◆ **DATA RECORDS**:

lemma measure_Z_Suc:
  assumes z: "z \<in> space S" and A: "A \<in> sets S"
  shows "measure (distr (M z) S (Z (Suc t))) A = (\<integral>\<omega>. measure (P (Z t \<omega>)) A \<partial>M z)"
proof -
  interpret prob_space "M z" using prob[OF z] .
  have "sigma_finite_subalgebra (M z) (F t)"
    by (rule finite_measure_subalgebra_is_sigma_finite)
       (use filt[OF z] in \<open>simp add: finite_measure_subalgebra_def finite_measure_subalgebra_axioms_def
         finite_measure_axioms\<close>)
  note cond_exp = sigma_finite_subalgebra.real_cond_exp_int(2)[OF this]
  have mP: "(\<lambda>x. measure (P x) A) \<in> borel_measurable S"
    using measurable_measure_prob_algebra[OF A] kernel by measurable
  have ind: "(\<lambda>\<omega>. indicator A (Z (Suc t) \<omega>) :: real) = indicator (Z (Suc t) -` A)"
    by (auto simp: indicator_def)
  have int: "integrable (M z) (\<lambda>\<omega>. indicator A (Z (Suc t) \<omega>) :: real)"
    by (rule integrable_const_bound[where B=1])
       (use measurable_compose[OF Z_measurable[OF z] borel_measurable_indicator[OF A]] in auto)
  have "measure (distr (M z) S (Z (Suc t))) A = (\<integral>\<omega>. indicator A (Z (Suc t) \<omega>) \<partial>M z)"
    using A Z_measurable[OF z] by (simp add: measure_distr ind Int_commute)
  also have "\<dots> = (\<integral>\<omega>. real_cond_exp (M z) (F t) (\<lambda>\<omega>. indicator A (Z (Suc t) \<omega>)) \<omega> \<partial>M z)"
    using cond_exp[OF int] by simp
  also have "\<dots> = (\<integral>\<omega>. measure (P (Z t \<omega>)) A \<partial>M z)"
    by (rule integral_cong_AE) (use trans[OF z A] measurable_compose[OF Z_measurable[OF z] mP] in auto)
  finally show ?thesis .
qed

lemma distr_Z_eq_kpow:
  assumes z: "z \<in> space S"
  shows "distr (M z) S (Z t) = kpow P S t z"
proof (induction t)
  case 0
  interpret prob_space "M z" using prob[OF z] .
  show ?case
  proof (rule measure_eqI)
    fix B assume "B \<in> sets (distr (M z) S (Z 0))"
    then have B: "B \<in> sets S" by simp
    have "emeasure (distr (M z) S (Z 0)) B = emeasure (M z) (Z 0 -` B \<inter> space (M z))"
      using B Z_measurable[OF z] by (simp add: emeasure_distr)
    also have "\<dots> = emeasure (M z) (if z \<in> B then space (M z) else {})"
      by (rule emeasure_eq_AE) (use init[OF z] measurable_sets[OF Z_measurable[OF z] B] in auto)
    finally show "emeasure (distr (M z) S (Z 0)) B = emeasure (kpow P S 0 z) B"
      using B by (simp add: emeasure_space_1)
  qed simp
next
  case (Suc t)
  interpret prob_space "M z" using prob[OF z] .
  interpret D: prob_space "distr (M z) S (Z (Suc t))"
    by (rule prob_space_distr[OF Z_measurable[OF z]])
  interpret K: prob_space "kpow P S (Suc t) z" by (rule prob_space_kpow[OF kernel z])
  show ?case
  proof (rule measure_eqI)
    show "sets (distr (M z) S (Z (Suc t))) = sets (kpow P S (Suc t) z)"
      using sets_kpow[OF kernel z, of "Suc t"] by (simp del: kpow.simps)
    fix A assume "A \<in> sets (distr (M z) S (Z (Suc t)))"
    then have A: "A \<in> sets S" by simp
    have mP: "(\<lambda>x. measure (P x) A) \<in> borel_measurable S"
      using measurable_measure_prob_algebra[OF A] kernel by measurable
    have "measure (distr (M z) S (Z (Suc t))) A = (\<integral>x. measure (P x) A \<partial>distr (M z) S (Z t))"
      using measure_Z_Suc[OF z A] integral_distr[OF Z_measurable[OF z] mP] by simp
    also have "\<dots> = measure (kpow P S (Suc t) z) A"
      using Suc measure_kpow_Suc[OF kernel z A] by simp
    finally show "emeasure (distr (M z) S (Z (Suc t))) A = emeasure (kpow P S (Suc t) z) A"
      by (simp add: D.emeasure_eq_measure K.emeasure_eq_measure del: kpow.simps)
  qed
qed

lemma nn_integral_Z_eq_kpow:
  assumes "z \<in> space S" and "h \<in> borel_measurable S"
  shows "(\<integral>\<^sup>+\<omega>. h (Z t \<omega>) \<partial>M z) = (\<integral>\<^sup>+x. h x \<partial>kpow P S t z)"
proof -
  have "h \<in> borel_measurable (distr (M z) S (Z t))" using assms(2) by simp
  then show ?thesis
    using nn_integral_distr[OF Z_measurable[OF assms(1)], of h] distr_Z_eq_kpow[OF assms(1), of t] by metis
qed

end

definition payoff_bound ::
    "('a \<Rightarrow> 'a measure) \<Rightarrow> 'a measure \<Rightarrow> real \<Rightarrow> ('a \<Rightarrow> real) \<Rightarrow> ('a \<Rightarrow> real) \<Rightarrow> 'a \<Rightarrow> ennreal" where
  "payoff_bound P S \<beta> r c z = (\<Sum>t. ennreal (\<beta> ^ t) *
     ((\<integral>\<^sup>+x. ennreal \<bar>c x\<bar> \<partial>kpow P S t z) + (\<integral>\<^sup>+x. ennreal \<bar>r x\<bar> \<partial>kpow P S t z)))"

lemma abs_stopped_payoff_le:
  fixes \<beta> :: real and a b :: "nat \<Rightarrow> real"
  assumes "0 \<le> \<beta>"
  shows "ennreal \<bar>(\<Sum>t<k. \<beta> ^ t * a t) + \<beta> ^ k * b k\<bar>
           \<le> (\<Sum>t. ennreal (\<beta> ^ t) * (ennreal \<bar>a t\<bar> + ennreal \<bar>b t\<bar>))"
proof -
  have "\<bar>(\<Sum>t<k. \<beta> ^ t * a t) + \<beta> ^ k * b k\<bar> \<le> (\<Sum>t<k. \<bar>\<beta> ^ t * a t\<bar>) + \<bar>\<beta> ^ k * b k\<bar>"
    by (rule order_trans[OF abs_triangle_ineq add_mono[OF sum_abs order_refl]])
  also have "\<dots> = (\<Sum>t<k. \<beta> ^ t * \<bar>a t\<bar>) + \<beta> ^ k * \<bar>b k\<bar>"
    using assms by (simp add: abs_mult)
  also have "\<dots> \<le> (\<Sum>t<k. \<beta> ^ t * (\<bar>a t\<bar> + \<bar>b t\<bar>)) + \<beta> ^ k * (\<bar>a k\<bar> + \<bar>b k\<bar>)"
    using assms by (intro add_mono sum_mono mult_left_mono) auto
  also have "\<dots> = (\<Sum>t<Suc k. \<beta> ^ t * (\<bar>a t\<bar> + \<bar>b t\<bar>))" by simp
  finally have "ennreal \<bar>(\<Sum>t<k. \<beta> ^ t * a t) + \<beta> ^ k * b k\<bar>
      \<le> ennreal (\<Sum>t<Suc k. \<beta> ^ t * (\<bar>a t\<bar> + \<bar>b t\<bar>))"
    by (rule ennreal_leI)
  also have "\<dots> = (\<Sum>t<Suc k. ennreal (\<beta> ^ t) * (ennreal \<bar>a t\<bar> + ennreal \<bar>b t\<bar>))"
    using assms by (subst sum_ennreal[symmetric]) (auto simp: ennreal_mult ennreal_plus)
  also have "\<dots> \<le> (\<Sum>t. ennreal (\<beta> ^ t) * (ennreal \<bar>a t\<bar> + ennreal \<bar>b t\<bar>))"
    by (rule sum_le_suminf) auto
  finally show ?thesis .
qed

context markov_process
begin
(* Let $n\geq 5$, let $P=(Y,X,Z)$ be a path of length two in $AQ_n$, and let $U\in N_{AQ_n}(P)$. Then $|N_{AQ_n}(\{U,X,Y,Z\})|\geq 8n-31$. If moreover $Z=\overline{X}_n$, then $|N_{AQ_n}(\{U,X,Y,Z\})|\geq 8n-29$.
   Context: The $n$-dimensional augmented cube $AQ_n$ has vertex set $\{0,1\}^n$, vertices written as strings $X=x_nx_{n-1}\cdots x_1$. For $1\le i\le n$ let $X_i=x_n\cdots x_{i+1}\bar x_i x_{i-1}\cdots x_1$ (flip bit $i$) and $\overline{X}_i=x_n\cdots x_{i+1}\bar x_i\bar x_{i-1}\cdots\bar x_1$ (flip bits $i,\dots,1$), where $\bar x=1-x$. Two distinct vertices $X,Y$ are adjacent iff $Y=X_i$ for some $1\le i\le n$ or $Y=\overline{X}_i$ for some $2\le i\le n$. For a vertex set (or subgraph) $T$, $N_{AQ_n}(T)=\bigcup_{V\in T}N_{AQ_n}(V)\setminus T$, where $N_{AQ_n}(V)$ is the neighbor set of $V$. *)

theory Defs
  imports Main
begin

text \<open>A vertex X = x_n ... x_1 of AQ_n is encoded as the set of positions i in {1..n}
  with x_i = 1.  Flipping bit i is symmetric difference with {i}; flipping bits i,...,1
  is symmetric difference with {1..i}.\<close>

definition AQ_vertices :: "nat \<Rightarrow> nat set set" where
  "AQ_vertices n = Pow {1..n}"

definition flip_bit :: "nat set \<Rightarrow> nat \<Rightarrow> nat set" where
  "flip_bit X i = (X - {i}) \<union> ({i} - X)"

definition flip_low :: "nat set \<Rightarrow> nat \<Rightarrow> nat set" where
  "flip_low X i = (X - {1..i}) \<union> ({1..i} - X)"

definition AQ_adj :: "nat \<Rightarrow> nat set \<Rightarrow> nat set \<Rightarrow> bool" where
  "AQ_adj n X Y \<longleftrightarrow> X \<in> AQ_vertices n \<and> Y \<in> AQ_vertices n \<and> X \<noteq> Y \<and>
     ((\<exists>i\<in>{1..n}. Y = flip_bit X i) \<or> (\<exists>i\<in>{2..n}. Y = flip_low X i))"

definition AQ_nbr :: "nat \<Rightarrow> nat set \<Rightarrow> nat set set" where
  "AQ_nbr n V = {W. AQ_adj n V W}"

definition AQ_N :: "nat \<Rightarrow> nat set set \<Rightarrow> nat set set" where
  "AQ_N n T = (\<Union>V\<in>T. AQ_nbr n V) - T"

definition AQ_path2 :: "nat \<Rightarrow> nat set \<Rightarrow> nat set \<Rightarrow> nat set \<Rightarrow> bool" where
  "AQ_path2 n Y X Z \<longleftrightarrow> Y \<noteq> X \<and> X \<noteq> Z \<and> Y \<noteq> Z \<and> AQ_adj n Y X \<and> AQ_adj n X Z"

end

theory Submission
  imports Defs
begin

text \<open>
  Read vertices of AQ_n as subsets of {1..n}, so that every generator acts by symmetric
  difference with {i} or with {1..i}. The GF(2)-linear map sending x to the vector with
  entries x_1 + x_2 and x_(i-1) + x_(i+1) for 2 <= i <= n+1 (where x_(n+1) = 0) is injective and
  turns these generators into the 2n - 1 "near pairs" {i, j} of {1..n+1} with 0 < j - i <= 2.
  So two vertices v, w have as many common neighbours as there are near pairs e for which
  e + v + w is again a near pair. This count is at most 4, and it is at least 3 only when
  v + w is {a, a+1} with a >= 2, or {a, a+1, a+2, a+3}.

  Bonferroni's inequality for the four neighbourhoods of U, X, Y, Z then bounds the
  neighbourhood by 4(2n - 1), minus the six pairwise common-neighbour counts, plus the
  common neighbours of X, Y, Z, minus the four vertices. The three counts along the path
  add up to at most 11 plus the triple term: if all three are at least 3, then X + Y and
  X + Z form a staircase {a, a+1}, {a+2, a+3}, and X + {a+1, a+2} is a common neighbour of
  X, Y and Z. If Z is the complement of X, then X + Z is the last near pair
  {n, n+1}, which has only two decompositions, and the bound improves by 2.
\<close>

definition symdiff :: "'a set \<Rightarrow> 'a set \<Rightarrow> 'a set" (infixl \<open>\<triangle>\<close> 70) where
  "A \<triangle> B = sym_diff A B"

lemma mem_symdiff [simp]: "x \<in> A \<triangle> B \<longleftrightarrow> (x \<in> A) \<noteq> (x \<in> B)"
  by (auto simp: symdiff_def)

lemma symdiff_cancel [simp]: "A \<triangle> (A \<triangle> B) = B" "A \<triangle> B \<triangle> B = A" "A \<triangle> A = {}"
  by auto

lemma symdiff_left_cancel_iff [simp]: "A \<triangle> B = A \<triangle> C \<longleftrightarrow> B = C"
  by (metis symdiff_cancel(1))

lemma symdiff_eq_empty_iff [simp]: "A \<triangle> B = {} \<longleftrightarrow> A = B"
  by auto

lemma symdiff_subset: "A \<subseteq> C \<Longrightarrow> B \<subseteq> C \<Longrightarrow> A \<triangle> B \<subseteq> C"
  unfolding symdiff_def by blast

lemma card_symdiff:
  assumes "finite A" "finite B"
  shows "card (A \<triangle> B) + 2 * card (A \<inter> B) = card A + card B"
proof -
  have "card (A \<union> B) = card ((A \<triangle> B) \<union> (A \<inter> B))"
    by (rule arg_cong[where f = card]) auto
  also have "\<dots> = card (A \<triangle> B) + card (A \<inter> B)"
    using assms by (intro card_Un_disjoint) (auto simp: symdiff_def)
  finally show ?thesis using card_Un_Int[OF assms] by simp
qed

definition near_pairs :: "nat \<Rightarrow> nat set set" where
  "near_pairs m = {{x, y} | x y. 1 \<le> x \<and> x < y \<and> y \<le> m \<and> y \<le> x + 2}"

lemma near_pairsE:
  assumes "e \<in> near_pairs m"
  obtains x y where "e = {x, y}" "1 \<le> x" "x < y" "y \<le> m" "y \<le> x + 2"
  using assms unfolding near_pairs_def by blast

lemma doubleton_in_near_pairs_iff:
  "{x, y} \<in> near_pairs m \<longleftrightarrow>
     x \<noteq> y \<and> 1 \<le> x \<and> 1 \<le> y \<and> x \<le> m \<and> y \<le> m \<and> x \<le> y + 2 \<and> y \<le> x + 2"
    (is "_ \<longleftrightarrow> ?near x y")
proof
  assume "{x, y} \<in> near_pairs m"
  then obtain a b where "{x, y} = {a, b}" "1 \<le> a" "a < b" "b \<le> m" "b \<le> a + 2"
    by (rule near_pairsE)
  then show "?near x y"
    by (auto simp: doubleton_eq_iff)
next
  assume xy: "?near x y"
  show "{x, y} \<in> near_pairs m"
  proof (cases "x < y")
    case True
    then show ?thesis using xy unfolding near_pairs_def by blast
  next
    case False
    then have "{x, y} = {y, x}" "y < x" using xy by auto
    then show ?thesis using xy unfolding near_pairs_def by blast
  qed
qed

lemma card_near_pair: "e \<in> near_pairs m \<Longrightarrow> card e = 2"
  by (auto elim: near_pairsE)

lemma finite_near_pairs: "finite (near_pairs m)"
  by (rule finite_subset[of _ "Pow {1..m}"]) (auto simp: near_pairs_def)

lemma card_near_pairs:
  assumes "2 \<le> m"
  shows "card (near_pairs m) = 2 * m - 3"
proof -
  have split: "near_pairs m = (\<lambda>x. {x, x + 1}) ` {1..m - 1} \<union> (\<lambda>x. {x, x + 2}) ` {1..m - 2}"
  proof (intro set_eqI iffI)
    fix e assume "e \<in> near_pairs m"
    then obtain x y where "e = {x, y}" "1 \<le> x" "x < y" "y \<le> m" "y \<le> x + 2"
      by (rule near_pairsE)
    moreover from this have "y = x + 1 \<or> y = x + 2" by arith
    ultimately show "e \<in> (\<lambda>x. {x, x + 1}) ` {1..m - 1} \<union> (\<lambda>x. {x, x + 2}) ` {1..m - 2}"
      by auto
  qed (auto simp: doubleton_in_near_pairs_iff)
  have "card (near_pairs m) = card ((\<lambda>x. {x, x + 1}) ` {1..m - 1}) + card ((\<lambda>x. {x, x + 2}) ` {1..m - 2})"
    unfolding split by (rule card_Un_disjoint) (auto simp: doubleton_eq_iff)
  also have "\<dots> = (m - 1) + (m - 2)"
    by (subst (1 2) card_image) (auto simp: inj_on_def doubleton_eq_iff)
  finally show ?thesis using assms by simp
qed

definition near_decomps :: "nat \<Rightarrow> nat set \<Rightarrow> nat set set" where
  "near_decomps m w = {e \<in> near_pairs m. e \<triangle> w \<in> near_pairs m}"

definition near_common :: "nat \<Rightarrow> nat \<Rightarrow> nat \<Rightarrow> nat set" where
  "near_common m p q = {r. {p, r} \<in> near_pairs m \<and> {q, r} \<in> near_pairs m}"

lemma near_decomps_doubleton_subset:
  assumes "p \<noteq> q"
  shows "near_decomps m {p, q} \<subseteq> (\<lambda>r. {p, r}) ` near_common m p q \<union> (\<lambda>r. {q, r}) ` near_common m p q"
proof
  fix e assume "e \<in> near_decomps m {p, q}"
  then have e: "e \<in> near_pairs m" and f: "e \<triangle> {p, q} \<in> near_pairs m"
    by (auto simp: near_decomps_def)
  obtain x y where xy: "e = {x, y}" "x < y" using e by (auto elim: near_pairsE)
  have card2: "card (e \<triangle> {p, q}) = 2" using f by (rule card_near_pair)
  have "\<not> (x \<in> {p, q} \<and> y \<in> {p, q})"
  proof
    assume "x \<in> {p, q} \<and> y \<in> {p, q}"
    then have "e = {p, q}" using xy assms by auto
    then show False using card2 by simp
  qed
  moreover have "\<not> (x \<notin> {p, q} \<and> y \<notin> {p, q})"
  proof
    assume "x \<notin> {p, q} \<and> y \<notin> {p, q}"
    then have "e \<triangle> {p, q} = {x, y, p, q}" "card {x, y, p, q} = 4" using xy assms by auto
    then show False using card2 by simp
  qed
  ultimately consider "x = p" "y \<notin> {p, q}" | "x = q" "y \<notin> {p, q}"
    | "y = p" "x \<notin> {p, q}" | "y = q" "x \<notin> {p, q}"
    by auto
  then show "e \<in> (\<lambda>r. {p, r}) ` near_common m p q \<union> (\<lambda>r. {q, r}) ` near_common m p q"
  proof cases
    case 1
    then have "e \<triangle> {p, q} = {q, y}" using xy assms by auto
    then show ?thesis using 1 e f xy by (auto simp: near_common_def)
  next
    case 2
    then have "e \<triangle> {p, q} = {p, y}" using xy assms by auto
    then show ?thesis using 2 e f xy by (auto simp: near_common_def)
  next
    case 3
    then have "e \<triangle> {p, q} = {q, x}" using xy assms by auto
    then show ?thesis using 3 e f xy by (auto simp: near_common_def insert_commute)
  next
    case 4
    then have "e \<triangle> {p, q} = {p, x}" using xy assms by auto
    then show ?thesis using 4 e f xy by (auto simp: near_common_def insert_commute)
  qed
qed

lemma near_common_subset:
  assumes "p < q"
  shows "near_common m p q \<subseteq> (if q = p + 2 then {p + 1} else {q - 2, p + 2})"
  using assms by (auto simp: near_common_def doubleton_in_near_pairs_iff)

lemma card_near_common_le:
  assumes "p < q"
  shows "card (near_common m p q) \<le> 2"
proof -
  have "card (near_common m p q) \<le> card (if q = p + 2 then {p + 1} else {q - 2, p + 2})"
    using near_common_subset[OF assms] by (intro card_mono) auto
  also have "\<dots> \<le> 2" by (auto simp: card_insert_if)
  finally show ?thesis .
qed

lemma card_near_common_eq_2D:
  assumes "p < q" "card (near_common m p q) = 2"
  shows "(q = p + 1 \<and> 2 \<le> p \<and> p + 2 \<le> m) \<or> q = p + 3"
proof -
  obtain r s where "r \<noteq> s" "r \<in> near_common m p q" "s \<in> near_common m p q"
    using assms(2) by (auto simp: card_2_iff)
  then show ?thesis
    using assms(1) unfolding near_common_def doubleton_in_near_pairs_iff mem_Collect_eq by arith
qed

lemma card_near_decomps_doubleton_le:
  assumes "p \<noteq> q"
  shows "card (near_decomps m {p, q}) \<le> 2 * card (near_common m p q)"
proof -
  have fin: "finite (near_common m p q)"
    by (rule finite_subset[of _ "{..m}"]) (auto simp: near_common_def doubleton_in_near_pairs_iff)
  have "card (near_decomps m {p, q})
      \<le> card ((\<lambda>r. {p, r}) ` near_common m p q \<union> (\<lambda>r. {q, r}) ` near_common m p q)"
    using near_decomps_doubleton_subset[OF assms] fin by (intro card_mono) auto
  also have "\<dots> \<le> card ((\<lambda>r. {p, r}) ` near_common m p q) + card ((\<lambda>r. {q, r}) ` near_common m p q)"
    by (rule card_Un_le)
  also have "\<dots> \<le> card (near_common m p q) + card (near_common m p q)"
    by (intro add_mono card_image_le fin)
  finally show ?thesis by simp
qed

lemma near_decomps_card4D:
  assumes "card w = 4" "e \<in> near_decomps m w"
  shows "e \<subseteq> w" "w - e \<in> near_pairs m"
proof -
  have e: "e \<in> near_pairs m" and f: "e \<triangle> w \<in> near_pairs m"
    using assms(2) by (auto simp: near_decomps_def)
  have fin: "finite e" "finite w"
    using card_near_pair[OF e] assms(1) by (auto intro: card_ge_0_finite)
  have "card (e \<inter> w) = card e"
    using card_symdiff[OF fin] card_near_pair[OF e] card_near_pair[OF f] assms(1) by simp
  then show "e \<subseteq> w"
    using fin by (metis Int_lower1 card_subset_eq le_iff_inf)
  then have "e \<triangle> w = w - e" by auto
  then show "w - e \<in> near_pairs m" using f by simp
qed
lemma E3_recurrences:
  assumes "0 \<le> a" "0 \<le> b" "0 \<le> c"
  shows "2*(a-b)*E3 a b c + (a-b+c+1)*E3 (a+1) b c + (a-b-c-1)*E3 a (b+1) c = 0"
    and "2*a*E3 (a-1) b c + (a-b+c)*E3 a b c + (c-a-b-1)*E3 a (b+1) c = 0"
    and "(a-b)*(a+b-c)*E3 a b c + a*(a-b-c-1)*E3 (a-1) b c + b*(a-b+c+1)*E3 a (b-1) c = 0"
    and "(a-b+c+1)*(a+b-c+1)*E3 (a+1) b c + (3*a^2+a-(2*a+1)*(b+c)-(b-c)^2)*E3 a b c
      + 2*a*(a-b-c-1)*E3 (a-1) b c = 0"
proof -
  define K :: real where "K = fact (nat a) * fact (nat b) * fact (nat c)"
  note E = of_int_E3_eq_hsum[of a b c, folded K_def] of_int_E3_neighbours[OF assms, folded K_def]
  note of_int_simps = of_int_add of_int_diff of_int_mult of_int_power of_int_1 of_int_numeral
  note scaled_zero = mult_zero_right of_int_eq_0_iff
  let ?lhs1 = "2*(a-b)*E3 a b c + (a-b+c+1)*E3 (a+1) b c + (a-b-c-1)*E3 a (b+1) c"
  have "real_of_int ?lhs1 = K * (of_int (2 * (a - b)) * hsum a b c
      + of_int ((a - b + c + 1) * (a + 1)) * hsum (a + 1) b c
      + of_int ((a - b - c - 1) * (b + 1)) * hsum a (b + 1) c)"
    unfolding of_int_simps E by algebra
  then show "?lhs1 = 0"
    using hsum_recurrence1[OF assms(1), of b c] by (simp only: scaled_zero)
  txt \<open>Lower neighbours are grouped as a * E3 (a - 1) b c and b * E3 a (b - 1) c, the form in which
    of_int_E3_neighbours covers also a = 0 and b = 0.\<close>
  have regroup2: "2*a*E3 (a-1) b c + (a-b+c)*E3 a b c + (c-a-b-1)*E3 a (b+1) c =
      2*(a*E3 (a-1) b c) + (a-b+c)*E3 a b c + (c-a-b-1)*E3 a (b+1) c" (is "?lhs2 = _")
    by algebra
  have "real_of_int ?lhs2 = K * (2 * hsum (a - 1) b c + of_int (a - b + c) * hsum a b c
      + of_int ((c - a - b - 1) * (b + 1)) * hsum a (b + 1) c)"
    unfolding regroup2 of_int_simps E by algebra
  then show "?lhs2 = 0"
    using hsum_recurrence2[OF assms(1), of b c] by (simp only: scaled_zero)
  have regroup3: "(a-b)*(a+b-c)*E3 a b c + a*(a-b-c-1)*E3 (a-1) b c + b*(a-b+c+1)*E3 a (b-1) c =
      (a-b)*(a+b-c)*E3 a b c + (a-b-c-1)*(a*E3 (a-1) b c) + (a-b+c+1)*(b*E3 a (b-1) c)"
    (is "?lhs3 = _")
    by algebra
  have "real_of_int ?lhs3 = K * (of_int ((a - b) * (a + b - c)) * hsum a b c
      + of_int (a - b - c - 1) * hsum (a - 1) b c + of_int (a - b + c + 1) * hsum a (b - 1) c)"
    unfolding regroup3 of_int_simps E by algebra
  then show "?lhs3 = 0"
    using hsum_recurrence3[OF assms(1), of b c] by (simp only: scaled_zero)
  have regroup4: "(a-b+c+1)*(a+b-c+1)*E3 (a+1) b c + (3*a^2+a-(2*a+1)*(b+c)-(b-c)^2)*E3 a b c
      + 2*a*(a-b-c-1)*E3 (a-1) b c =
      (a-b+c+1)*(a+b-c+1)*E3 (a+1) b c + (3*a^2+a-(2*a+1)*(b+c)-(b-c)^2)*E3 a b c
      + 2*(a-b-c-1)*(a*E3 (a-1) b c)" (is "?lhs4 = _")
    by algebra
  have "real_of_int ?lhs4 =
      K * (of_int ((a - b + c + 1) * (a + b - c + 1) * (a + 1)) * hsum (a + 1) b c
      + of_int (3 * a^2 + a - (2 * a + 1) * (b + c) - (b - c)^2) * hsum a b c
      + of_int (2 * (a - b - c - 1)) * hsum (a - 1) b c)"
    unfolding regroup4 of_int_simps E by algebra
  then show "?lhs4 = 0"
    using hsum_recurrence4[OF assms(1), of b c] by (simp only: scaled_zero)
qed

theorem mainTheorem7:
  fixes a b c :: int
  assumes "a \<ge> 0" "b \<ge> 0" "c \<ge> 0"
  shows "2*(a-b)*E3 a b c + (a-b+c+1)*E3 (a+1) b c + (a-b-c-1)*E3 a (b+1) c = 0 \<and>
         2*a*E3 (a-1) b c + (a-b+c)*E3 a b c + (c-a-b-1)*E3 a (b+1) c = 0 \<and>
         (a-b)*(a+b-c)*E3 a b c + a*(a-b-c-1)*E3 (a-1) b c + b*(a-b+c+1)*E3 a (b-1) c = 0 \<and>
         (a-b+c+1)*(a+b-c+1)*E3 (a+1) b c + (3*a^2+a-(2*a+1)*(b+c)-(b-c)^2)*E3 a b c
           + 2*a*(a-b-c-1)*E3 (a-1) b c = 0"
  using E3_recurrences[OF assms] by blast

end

◆ **ASSIGNED TASK**: Give back, exactly as written, the stretch from the line with "note scaled_zero = mult_zero_right" through the line with "c)^2) * hsum a b c", and no other lines from the records above.

◆ **WRITTEN REPLY**:
  note scaled_zero = mult_zero_right of_int_eq_0_iff
  let ?lhs1 = "2*(a-b)*E3 a b c + (a-b+c+1)*E3 (a+1) b c + (a-b-c-1)*E3 a (b+1) c"
  have "real_of_int ?lhs1 = K * (of_int (2 * (a - b)) * hsum a b c
      + of_int ((a - b + c + 1) * (a + 1)) * hsum (a + 1) b c
      + of_int ((a - b - c - 1) * (b + 1)) * hsum a (b + 1) c)"
    unfolding of_int_simps E by algebra
  then show "?lhs1 = 0"
    using hsum_recurrence1[OF assms(1), of b c] by (simp only: scaled_zero)
  txt \<open>Lower neighbours are grouped as a * E3 (a - 1) b c and b * E3 a (b - 1) c, the form in which
    of_int_E3_neighbours covers also a = 0 and b = 0.\<close>
  have regroup2: "2*a*E3 (a-1) b c + (a-b+c)*E3 a b c + (c-a-b-1)*E3 a (b+1) c =
      2*(a*E3 (a-1) b c) + (a-b+c)*E3 a b c + (c-a-b-1)*E3 a (b+1) c" (is "?lhs2 = _")
    by algebra
  have "real_of_int ?lhs2 = K * (2 * hsum (a - 1) b c + of_int (a - b + c) * hsum a b c
      + of_int ((c - a - b - 1) * (b + 1)) * hsum a (b + 1) c)"
    unfolding regroup2 of_int_simps E by algebra
  then show "?lhs2 = 0"
    using hsum_recurrence2[OF assms(1), of b c] by (simp only: scaled_zero)
  have regroup3: "(a-b)*(a+b-c)*E3 a b c + a*(a-b-c-1)*E3 (a-1) b c + b*(a-b+c+1)*E3 a (b-1) c =
      (a-b)*(a+b-c)*E3 a b c + (a-b-c-1)*(a*E3 (a-1) b c) + (a-b+c+1)*(b*E3 a (b-1) c)"
    (is "?lhs3 = _")
    by algebra
  have "real_of_int ?lhs3 = K * (of_int ((a - b) * (a + b - c)) * hsum a b c
      + of_int (a - b - c - 1) * hsum (a - 1) b c + of_int (a - b + c + 1) * hsum a (b - 1) c)"
    unfolding regroup3 of_int_simps E by algebra
  then show "?lhs3 = 0"
    using hsum_recurrence3[OF assms(1), of b c] by (simp only: scaled_zero)
  have regroup4: "(a-b+c+1)*(a+b-c+1)*E3 (a+1) b c + (3*a^2+a-(2*a+1)*(b+c)-(b-c)^2)*E3 a b c
      + 2*a*(a-b-c-1)*E3 (a-1) b c =
      (a-b+c+1)*(a+b-c+1)*E3 (a+1) b c + (3*a^2+a-(2*a+1)*(b+c)-(b-c)^2)*E3 a b c
      + 2*(a-b-c-1)*(a*E3 (a-1) b c)" (is "?lhs4 = _")
    by algebra
  have "real_of_int ?lhs4 =
      K * (of_int ((a - b + c + 1) * (a + b - c + 1) * (a + 1)) * hsum (a + 1) b c
      + of_int (3 * a^2 + a - (2 * a + 1) * (b + c) - (b - c)^2) * hsum a b c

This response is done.